Time Complexity: O(n + k²), where n is the length of nums and k is the given integer. The frequency counting is O(n), and the pair iteration is O(k²). In most cases, k is significantly smaller than n, making this approach much faster than the brute force O(n²) solution.

Space Complexity: O(k), the space used by the frequency array.

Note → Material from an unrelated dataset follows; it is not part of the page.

(* Assume that no connected component of nonabsorbing action profiles is rectangular. If $w\in W_H\setminus W$, then there are $\ell\in\{1,\dots,L\}$ and $x\in X^\ell$ such that $w\in W_H(x)$ and ${\cal E}_J(x)\ne\emptyset$.
   Context: $I$ is a finite set of players, $A_i$ finite nonempty action sets, $A=\prod_iA_i$, $r_i:A\to(0,1]$, $p:A\to[0,1]$. $B=\{a:p(a)=0\}$ with connected components $B^1,\dots,B^L$ in the graph where $a,a'\in B$ are adjacent iff $a_{-i}=a'_{-i}$ for some $i$; $B^\ell$ is rectangular if it is a product $\prod_iB^\ell_i$. Let $\Xi=\prod_i\Delta(A_i)$, $p(x)$ and $r_i(x)$ the multilinear extensions ($r_i(x)=\sum_ar_i(a)p(a)\prod_jx_j(a_j)/p(x)$ when $p(x)>0$), $X^\ell=\{x\in\Xi:\prod_i{\rm supp}(x_i)\subseteq B^\ell\}$, $X=\bigcup_\ell X^\ell$. $\rho_i(x):=\max\{r_i(a_i,x_{-i}):a_i\in A_i,\ p(a_i,x_{-i})>0\}$, with $\max\emptyset=-\infty$. For $x\in X$: $W_H(x):=\{w\in\mathbb R^I:w_i>\rho_i(x)\ \forall i\}$; $W(x):=\{w\in\mathbb R^I: w_i\ge\rho_i(x)\ \forall i,\ w_i=\rho_i(x)\text{ for some }i\}$; $W_H:=\bigcup_{x\in X}W_H(x)$, $W:=\bigcup_{x\in X}W(x)$. For $x\in X$, $(J,a_J)$ with $\emptyset\neq J\subseteq I$, $a_J\in\prod_{i\in J}A_i$, is an exit at $x$ if $p(a_J,x_{-J})>0$ and $p(a_{J'},x_{-J'})=0$ for all proper $J'\subsetneq J$; a joint exit if $|J|\ge 2$; ${\cal E}_J(x)$ is the set of joint exits at $x$. *)

theory Defs
  imports "HOL-Analysis.Analysis" "HOL-Library.Extended_Real"
begin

Code Implementation (Python):

def countPairs(nums, k):
    n = len(nums)
    freq = [0] * k
    for num in nums:
        freq[num % k] += 1
 
    count = 0
    for r1 in range(k):
        for r2 in range(k):
            if (r1 * r2) % k == 0:
                if r1 != r2:
                    count += freq[r1] * freq[r2]
                else:
                    count += freq[r1] * (freq[r1] - 1) // 2
    return count // 2
 

Code Implementation (Java):

class Solution {
    public long countPairs(int[] nums, int k) {
        int n = nums.length;
        int[] freq = new int[k];
        for (int num : nums) {
            freq[num % k]++;
        }
 
        long count = 0;
        for (int r1 = 0; r1 < k; r1++) {
            for (int r2 = 0; r2 < k; r2++) {
                if ((r1 * r2) % k == 0) {
                    if (r1 != r2) {
                        count += (long) freq[r1] * freq[r2];
                    } else {
                        count += (long) freq[r1] * (freq[r1] - 1) / 2;
                    }
                }
            }
        }
        return count / 2;
    }
}

Code Implementation (C++):

class Solution {
public:
    long long countPairs(vector<int>& nums, int k) {
        int n = nums.size();
        vector<long long> freq(k, 0);
        for (int num : nums) {
            freq[num % k]++;
        }
 
        long long count = 0;
        for (int r1 = 0; r1 < k; r1++) {
            for (int r2 = 0; r2 < k; r2++) {
                if ((r1 * r2) % k == 0) {
                    if (r1 != r2) {
                        count += freq[r1] * freq[r2];
                    } else {
                        count += freq[r1] * (freq[r1] - 1) / 2;
                    }
                }
            }
        }
        return count / 2;
    }
};

Code Implementation (Go):

func countPairs(nums []int, k int) int64 {
	n := len(nums)
	freq := make([]int, k)
	for _, num := range nums {
		freq[num%k]++
	}
 
	count := int64(0)
	for r1 := 0; r1 < k; r1++ {
		for r2 := 0; r2 < k; r2++ {
			if (r1*r2)%k == 0 {
				if r1 != r2 {
					count += int64(freq[r1]) * int64(freq[r2])
				} else {
					count += int64(freq[r1]) * int64(freq[r1]-1) / 2
				}
			}
		}
	}
	return count / 2
}

These codes implement the optimized algorithm described above. Remember that the //2 at the end is because we are counting ordered pairs (i,j) where i<j, and we initially counted all pairs without considering the order.